The fourth column d is a repairing effect diagram of a global discriminator and a Locally discriminated 'global and local Consistent Image Completion' method, the network can repair the Image more reasonably by introducing the countermeasure loss, the local discriminator influences the Image missing region to successfully complete the repair of the missing region part, the global discriminator influences the whole Image according to the global inconsistency of the repaired Image to force the network to generate the Globally Consistent Image, so that the obvious edge difference is eliminated, and the repairing result is better. The fifth column e, the repair result of the algorithm proposed by the present invention, uses WGAN loss to make the training of the entire antagonistic network more stable. A multi-scale discriminator is added and is trained together with a global discriminator and a local discriminator. It can be seen that compared with the result of d, e is improved to a certain extent in the aspect of the details of restoration, the image integrity is higher, and the restoration effect is better.

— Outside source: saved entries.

(* Let $f:\mathbb{N}\to\mathbb{R}$ with $f(1)=1$, and assume there exist $A,c>0$ such that $|f(n)|\leq A c^n$ for all $n\geq2$. (i) If $c\in(0,1)$, then $$|f^{-1}(n)| \leq \frac{\Omega(n)\, A\, n^{\varsigma+e\ln c}}{2^{\varsigma}} \leq \frac{A\, n^{\varsigma+e\ln c}\ln n}{2^{\varsigma}\ln 2}, \quad n\geq2,$$ where $\varsigma>1$ is the unique root of $\zeta(s)=\frac{1}{A}+1$. (ii) If $c\in(0,1)$ and $A\leq1$, then $|f^{-1}(n)|\leq n^{\rho+e\ln c}$ for all $n\geq2$, where $\rho=1.72865\dots$ is the unique root $s>1$ of $\zeta(s)=2$. (iii) If $c>1$, then there exists $\widetilde{A}>0$ such that $$|f^{-1}(n)| \leq Ac^n + \frac{(\Omega(n)-1)\,A\, n^{\upsilon}}{2^{\upsilon}}\, c^{n/2} \leq \widetilde{A}\, c^n, \quad n\geq2,$$ where $\upsilon>1$ is the unique root of $\zeta(s)=\frac{1}{Ac^2}+1$.
   Context: $f^{-1}$ denotes the Dirichlet inverse of $f$: the arithmetic function with $\sum_{d\mid n} f(n/d) f^{-1}(d)=\varepsilon(n)$ for all $n$, where $\varepsilon(1)=1$ and $\varepsilon(n)=0$ for $n\ge2$. $\Omega(n)$ is the number of prime factors of $n$ counted with multiplicity. $\zeta$ is the Riemann zeta function and $e$ is Euler's number. *)

theory Defs
  imports "HOL-Analysis.Analysis" "HOL-Computational_Algebra.Primes"
begin

text \<open>Dirichlet inverse of an arithmetic function f (defined on positive integers;
  the value at 0 is normalised to 0 so that the inverse is unique when f 1 is nonzero).\<close>
definition dirichlet_inverse :: "(nat \<Rightarrow> real) \<Rightarrow> nat \<Rightarrow> real" where
  "dirichlet_inverse f = (THE g. g 0 = 0 \<and>
     (\<forall>n>0. (\<Sum>d | d dvd n. f (n div d) * g d) = (if n = 1 then 1 else 0)))"

definition bigOmega :: "nat \<Rightarrow> nat" where
  "bigOmega n = size (prime_factorization n)"

definition zeta :: "real \<Rightarrow> real" where
  "zeta s = (\<Sum>n. 1 / (real (Suc n)) powr s)"

end

theory Submission
  imports Defs "HOL-Real_Asymp.Real_Asymp"
begin

(*
  For n >= 2 the convolution identity defining g = f^(-1) yields the recursion
  g n = -(f n + sum of f e * g (n div e) over the divisors 1 < e < n), so by strong induction
  |g| is bounded by every B with F n + sum of F e * B (n div e) <= B n, where F majorises |f|.
  Each claimed bound is such a majorant: splitting n = e * (n div e) leaves a factor e^(-s),
  whose sum over the divisors is at most zeta s - 1, and s is chosen precisely so that this
  cancels the constant in front.  The term f n is paid for by Omega (n div e) <= Omega n - 1,
  or in (ii) by letting e = n join the zeta sum.  For c < 1 the decay of f becomes a power of n
  through c^k <= k^(e ln c); for c > 1 one uses c^e * c^k <= c^2 * c^(e k / 2) for e, k >= 2.
*)

section \<open>The real zeta function\<close>

lemma summable_zeta_terms: "s > 1 \<Longrightarrow> summable (\<lambda>n. 1 / real (Suc n) powr s)"
proof -
  assume "s > 1"
  then have "summable (\<lambda>n. real n powr (-s))" using summable_real_powr_iff[of "-s"] by simp
  then have "summable (\<lambda>n. real (Suc n) powr (-s))" by (subst summable_Suc_iff)
  then show ?thesis by (simp add: powr_minus divide_inverse)
qed

lemma zeta_strict_antimono:
  assumes "1 < s" "s < t" shows "zeta t < zeta s"
proof -
  have "0 < (\<Sum>n. 1 / real (Suc n) powr s - 1 / real (Suc n) powr t)"
  proof (rule suminf_pos2[where i=1])
    show "summable (\<lambda>n. 1 / real (Suc n) powr s - 1 / real (Suc n) powr t)"
      using summable_zeta_terms assms by (intro summable_diff) auto
    show "0 \<le> 1 / real (Suc n) powr s - 1 / real (Suc n) powr t" for n
      using assms by (auto intro!: divide_left_mono powr_mono)
    show "0 < 1 / real (Suc 1) powr s - 1 / real (Suc 1) powr t"
      using assms by (simp add: frac_less2)
  qed
  also have "\<dots> = zeta s - zeta t" unfolding zeta_def
    using summable_zeta_terms assms by (subst suminf_diff) auto
  finally show ?thesis by simp
qed

lemma sum_inverse_powr_le_zeta_minus_one:
  assumes "s > 1" "finite S" "S \<subseteq> {2..}"
  shows "(\<Sum>k\<in>S. 1 / real k powr s) \<le> zeta s - 1"
proof -
  define T where "T = insert 0 ((\<lambda>k. k - 1) ` S)"
  have "(\<Sum>k\<in>S. 1 / real k powr s) = (\<Sum>n\<in>(\<lambda>k. k - 1) ` S. 1 / real (Suc n) powr s)"
    using assms(3) by (intro sum.reindex_bij_witness[of _ Suc "\<lambda>k. k - 1"]) auto
  then have "1 + (\<Sum>k\<in>S. 1 / real k powr s) = (\<Sum>n\<in>T. 1 / real (Suc n) powr s)"
    using assms(2,3) unfolding T_def by (subst sum.insert) auto
  also have "\<dots> \<le> zeta s" unfolding zeta_def T_def
    using assms by (intro sum_le_suminf summable_zeta_terms) auto
  finally show ?thesis by simp
qed

lemma continuous_on_zeta: "a > 1 \<Longrightarrow> continuous_on {a..} zeta"
  unfolding zeta_def
proof (rule uniform_limit_theorem[where F=sequentially])
  assume a: "a > 1"
  show "uniform_limit {a..} (\<lambda>N s. \<Sum>n<N. 1 / real (Suc n) powr s)
          (\<lambda>s. \<Sum>n. 1 / real (Suc n) powr s) sequentially"
    by (rule Weierstrass_m_test[OF _ summable_zeta_terms[OF a]])
       (auto intro!: divide_left_mono powr_mono)
qed (auto intro!: always_eventually continuous_intros)

lemma zeta_unbounded_at_one: "\<exists>s>1. zeta s > M"
proof -
  obtain N where N: "harm N > M"
    using filterlim_at_top_dense harm_at_top eventually_at_top_linorder by (metis order_refl)
  have "((\<lambda>s. \<Sum>n<N. 1 / real (Suc n) powr s) \<longlongrightarrow> (\<Sum>n<N. 1 / real (Suc n) powr 1)) (at_right 1)"
    by (intro tendsto_intros) auto
  moreover have "(\<Sum>n<N. 1 / real (Suc n) powr 1) = harm N"
    by (simp add: harm_altdef divide_inverse)
  ultimately have "\<forall>\<^sub>F s in at_right 1. M < (\<Sum>n<N. 1 / real (Suc n) powr s)"
    using N order_tendstoD(1) by fastforce
  then obtain b where b: "b > 1" "\<And>s. 1 < s \<Longrightarrow> s < b \<Longrightarrow> M < (\<Sum>n<N. 1 / real (Suc n) powr s)"
    unfolding eventually_at_right_field by blast
  define s where "s = (1 + b) / 2"
  have s: "s > 1" "M < (\<Sum>n<N. 1 / real (Suc n) powr s)"
    using b by (auto simp: s_def)
  have "(\<Sum>n<N. 1 / real (Suc n) powr s) \<le> zeta s"
    unfolding zeta_def using s(1) by (intro sum_le_suminf summable_zeta_terms) auto
  with s show ?thesis by auto
qed

lemma zeta_tendsto_one: "(zeta \<longlongrightarrow> 1) at_top"
proof -
  have lim: "((\<lambda>s. 1 / real (Suc k) powr s) \<longlongrightarrow> (if k = 0 then 1 else 0)) at_top" for k
  proof (cases "k = 0")
    case False
    then show ?thesis by simp real_asymp
  qed simp
  have bound: "norm (1 / real (Suc k) powr s) \<le> 1 / real (Suc k) powr 2" if "s \<ge> 2" for k s
  proof -
    have "real (Suc k) powr 2 \<le> real (Suc k) powr s" using that by (intro powr_mono) auto
    then show ?thesis by (simp add: frac_le)
  qed
  have "\<forall>\<^sub>F (k, s) in sequentially \<times>\<^sub>F at_top. s \<ge> (2::real)"
    by (subst eventually_prod2) (simp_all add: eventually_ge_at_top)
  then have "\<forall>\<^sub>F (k, s) in sequentially \<times>\<^sub>F at_top.
      norm (1 / real (Suc k) powr s) \<le> 1 / real (Suc k) powr 2"
    by (rule eventually_mono) (clarify, erule bound)
  from tannerys_theorem[OF lim this summable_zeta_terms] show ?thesis
    using sums_single[of 0 "\<lambda>_. 1::real"] unfolding zeta_def by (simp add: sums_iff)
qed

lemma zeta_eq_unique_root:
  assumes "t > 1" shows "\<exists>!s. s > 1 \<and> zeta s = t"
proof -
  obtain a where a: "a > 1" "zeta a > t" using zeta_unbounded_at_one by blast
  have "\<forall>\<^sub>F s in at_top. zeta s < t \<and> s > a"
    using order_tendstoD(2)[OF zeta_tendsto_one assms] eventually_gt_at_top
    by (rule eventually_conj)
  then obtain b where b: "zeta b < t" "a < b"
    using eventually_happens'[OF trivial_limit_at_top_linorder] by blast
  have "continuous_on {a..b} zeta"
    using continuous_on_zeta[OF a(1)] by (rule continuous_on_subset) auto
  then obtain x where "a \<le> x" "zeta x = t" using IVT2'[of zeta b t a] a b by auto
  show ?thesis
  proof (rule ex1I[of _ x])
    show "x > 1 \<and> zeta x = t" using \<open>a \<le> x\<close> \<open>zeta x = t\<close> a(1) by simp
    show "y = x" if "y > 1 \<and> zeta y = t" for y
      using that \<open>zeta x = t\<close> zeta_strict_antimono[of x y] zeta_strict_antimono[of y x] \<open>a \<le> x\<close> a(1)
      by (cases y x rule: linorder_cases) auto
  qed
qed

section \<open>The recursion for the Dirichlet inverse\<close>

definition nontrivial_divisors :: "nat \<Rightarrow> nat set" where
  "nontrivial_divisors n = {e. e dvd n \<and> 1 < e \<and> e < n}"

lemma finite_nontrivial_divisors [simp]: "finite (nontrivial_divisors n)"
  unfolding nontrivial_divisors_def by (rule finite_subset[of _ "{..<n}"]) auto

lemma nontrivial_divisorsD:
  assumes "e \<in> nontrivial_divisors n"
  shows "e \<ge> 2" "n div e \<ge> 2" "n div e < n" "n div e \<in> nontrivial_divisors n"
    "n div (n div e) = e" "real n = real e * real (n div e)"
proof -
  from assms obtain k where k: "n = e * k" "1 < e" "e < n"
    unfolding nontrivial_divisors_def by auto
  then have "k \<ge> 2" "n div e = k" by (auto intro: ccontr)
  with k show "e \<ge> 2" "n div e \<ge> 2" "n div e < n" "n div e \<in> nontrivial_divisors n"
    "n div (n div e) = e" "real n = real e * real (n div e)"
    unfolding nontrivial_divisors_def by auto
qed

lemma divisors_eq_nontrivial_divisors:
  "n \<ge> 2 \<Longrightarrow> {d. d dvd n} = insert n (insert 1 (nontrivial_divisors n))"
  unfolding nontrivial_divisors_def by (auto dest: dvd_imp_le)

lemma sum_divisors_split:
  fixes h :: "nat \<Rightarrow> real"
  assumes "n \<ge> 2"
  shows "(\<Sum>d | d dvd n. h d) = h n + h 1 + (\<Sum>d\<in>nontrivial_divisors n. h d)"
proof -
  have "n \<notin> insert 1 (nontrivial_divisors n)" "1 \<notin> nontrivial_divisors n"
    using assms by (auto simp: nontrivial_divisors_def)
  then show ?thesis using assms by (simp add: divisors_eq_nontrivial_divisors)
qed

function dirichlet_inverse_rec :: "(nat \<Rightarrow> real) \<Rightarrow> nat \<Rightarrow> real" where
  "dirichlet_inverse_rec f n = (if n = 0 then 0 else if n = 1 then 1 else
     - (f n + (\<Sum>d\<in>nontrivial_divisors n. f (n div d) * dirichlet_inverse_rec f d)))"
  by auto
termination
  by (relation "Wellfounded.measure snd") (auto simp: nontrivial_divisors_def)

declare dirichlet_inverse_rec.simps [simp del]

lemma dirichlet_inverse_rec_0 [simp]: "dirichlet_inverse_rec f 0 = 0"
  and dirichlet_inverse_rec_1 [simp]: "dirichlet_inverse_rec f (Suc 0) = 1"
  by (simp_all add: dirichlet_inverse_rec.simps[of f 0] dirichlet_inverse_rec.simps[of f "Suc 0"])

lemma dirichlet_inverse_eq_rec:
  assumes f1: "f 1 = 1"
  shows "dirichlet_inverse f = dirichlet_inverse_rec f"
  unfolding dirichlet_inverse_def
proof (rule the_equality)
  let ?g = "dirichlet_inverse_rec f"
  have "(\<Sum>d | d dvd n. f (n div d) * ?g d) = (if n = 1 then 1 else 0)" if "n > 0" for n
  proof (cases "n = 1")
    case False
    with that show ?thesis
      using f1 by (simp add: sum_divisors_split dirichlet_inverse_rec.simps[of f n])
  qed (use f1 in simp)
  then show "?g 0 = 0 \<and> (\<forall>n>0. (\<Sum>d | d dvd n. f (n div d) * ?g d) = (if n = 1 then 1 else 0))"
    by simp
next
  fix g
  assume "g 0 = 0 \<and> (\<forall>n>0. (\<Sum>d | d dvd n. f (n div d) * g d) = (if n = 1 then 1 else 0))"
  then have g0: "g 0 = 0"
    and g_sum: "\<And>n. n > 0 \<Longrightarrow> (\<Sum>d | d dvd n. f (n div d) * g d) = (if n = 1 then 1 else 0)"
    by auto
  have g1: "g 1 = 1" using g_sum[of 1] f1 by simp
  show "g = dirichlet_inverse_rec f"
  proof
    fix n show "g n = dirichlet_inverse_rec f n"
    proof (induction n rule: less_induct)
      case (less n)
      consider "n = 0" | "n = 1" | "n \<ge> 2" by linarith
      then show ?case
      proof cases
        case 3
        have "(\<Sum>d\<in>nontrivial_divisors n. f (n div d) * g d)
            = (\<Sum>d\<in>nontrivial_divisors n. f (n div d) * dirichlet_inverse_rec f d)"
          using less.IH by (intro sum.cong) (auto simp: nontrivial_divisors_def)
        with g_sum[of n] 3 f1 g1 show ?thesis
          by (simp add: sum_divisors_split dirichlet_inverse_rec.simps[of f n])
      qed (use g0 g1 in simp_all)
    qed
  qed
qed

Besides the visual effect, the invention also carries out quantitative evaluation on the CelebA test data set by using the PSNR and the SSIM, and the two indexes are calculated between the repair result obtained by different methods and the original face image.

The first index is peak signal-to-noise ratio (PSNR), an objective criterion for evaluating images, which directly measures the difference in pixel values, with larger values indicating less distortion. Assuming that the two input images are X and Y, respectively, the calculation formula is as follows:

where MSE represents the Mean Square Error (Mean Square Error) of the restored image X and the real image Y, H, W represents the height and width of the image, respectively, n represents the number of bits per pixel, and is generally 8, i.e. the number of pixel gray levels is 256, and the result is shown in table 3.

TABLE 3 results of quantitative experiments on PSNR

The second index is a Structural Similarity Index (SSIM), which is an index for measuring the similarity between two images, and is a number between 0 and 1, and a larger value represents a smaller difference between a repaired image and a real image, i.e., the image quality is better. When the two images are identical, their value is 1. Assuming that the two input images are X and Y, respectively, the calculation formula is as follows:

wherein, mu_XAnd mu_YRespectively represent the mean values of X, Y,. sigma_XAnd σ_YRespectively represents the standard deviation, sigma, of X and Y_XYRepresents the covariance of X and Y, and c₁，c₂Are respectively constant, avoiding denominator of 0. The calculation results are shown in table 4.

TABLE 4 results of quantitative experiments on SSIM

In addition, in order to prove that the algorithm provided by the invention can be suitable for various types of image restoration, 50000 images acquired from ImageNet data sets and 50000 images acquired from Places2 data sets are respectively used for correspondingly training the model of the invention. The network model training method is the same as the training method used in the CelebA dataset, and the experimental results are respectively shown in FIG. 6 and FIG. 7, which shows that the model also has good performance on ImageNet dataset and Places2 dataset.

In a word, the invention analyzes the defects of the existing algorithm, correspondingly introduces the principle of the generative confrontation network, applies the generative confrontation network to the image restoration algorithm, provides a multi-scale generative confrontation restoration model consisting of a generator and a plurality of confrontation discriminators, and synthesizes the missing content from random noise by utilizing reconstruction loss and a plurality of confrontation losses; by using the idea of WGAN and adopting EM distance to simulate data distribution, the network stability is improved and the picture restoration effect is improved. Finally, verification is carried out on the CelebA data set, and subjective and objective evaluation methods are utilized to prove that the image restoration algorithm based on the multi-scale generation type confrontation network has higher restoration performance compared with the current image restoration method, corresponding training and testing are carried out on the ImageNet data set and the Places2 data set, and the algorithm can be applied to restoration of various types of pictures and has good effect.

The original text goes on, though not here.